It is interesting to think what could have been of this movie. What we get is almost worthless but with enough to actually imagine it in better hands.
The original story, reportedly based on facts, about a white man’s encounter with a strange, exotic culture and how small and ill-prepared he discovers himself to be in the density of that jungle calls for a mystical gaze, an earnest way of accepting worlds beyond. The author of that story wanted Peter Weir for the project, for good reason. Instead he got Wes Craven, who probably qualified based on the nightmares he concocted for the Elms Street movie but who is completely out of his depth here.
The result is an overkill of garish voodoo ceremony and hysteric hallucinations inside coffins. Craven piles so much frenzy upon it that whatever serious intentions existed behind the material are completely lost in it.
There’s a political commentary with some bite to it; about the chief of secret police who is also a voodoo priest, making sure that people remain prisoners of their bodies inside their own minds, frightened, subservient drones. Like the military regime he serves.
The rest? The rest is impossible to take serious. The finale is particularly stupid, with people flying out of walls and a fistfight.
The situation has promise. A way of shutting people off inside their own minds, removing them from reality so that they see without seeing. Which may be conditioned superstition or more, about communion with something beyond. And about the American disbeliever eventually succumbing to this. Interesting things to play around with.
Peter Weir could have made something great with this, the movie seems tailored to his world. Perhaps he did already with The Last Wave, about white man’s encounter with a mystical Aboriginal culture which, shuttering his safe notions about reality, brings him to the yawning brink of apocalypse.

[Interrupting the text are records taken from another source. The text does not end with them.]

definition c0_semigroup :: "(real \<Rightarrow> 'x::complex_normed_space \<Rightarrow> 'x) \<Rightarrow> bool" where
  "c0_semigroup T \<longleftrightarrow>
     (\<forall>t\<ge>0. cbounded_linear (T t)) \<and> T 0 = id \<and>
     (\<forall>s\<ge>0. \<forall>t\<ge>0. T (s + t) = T s \<circ> T t) \<and>
     (\<forall>x. ((\<lambda>t. T t x) \<longlongrightarrow> x) (at_right 0))"

definition gen_domain :: "(real \<Rightarrow> 'x::complex_normed_space \<Rightarrow> 'x) \<Rightarrow> 'x set" where
  "gen_domain T = {x. \<exists>y. ((\<lambda>h. (T h x - x) /\<^sub>R h) \<longlongrightarrow> y) (at_right 0)}"

definition generator :: "(real \<Rightarrow> 'x::complex_normed_space \<Rightarrow> 'x) \<Rightarrow> 'x \<Rightarrow> 'x" where
  "generator T x = Lim (at_right 0) (\<lambda>h. (T h x - x) /\<^sub>R h)"

definition resolvent :: "(real \<Rightarrow> 'x::complex_normed_space \<Rightarrow> 'x) \<Rightarrow> complex \<Rightarrow> 'x \<Rightarrow> 'x" where
  "resolvent T \<beta> = the_inv_into (gen_domain T) (\<lambda>x. cscale \<beta> x - generator T x)"

definition in_resolvent_set :: "(real \<Rightarrow> 'x::complex_normed_space \<Rightarrow> 'x) \<Rightarrow> complex \<Rightarrow> bool" where
  "in_resolvent_set T \<beta> \<longleftrightarrow>
     bij_betw (\<lambda>x. cscale \<beta> x - generator T x) (gen_domain T) UNIV \<and>
     cbounded_linear (resolvent T \<beta>)"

I love Weir but he has his limitations. Sometimes his visions of that otherness are too tawdry, or wistfully naive. Noble savages and magical gnomes abound. The other filmmaker I would love to see make this movie is Werner Herzog with his Wagnerian romance about tragic monomaniacs battling vast, inscrutable natures. A brief glimpse of the cosmic as a revelation of individual madness and folly.
Skip this and go straight for The Year of Living Dangerously or Cobra Verde, where the encounters with the other reveal things. Or if you’re specifically interested in the voodoo zombie, go further back for I Walked with a Zombie.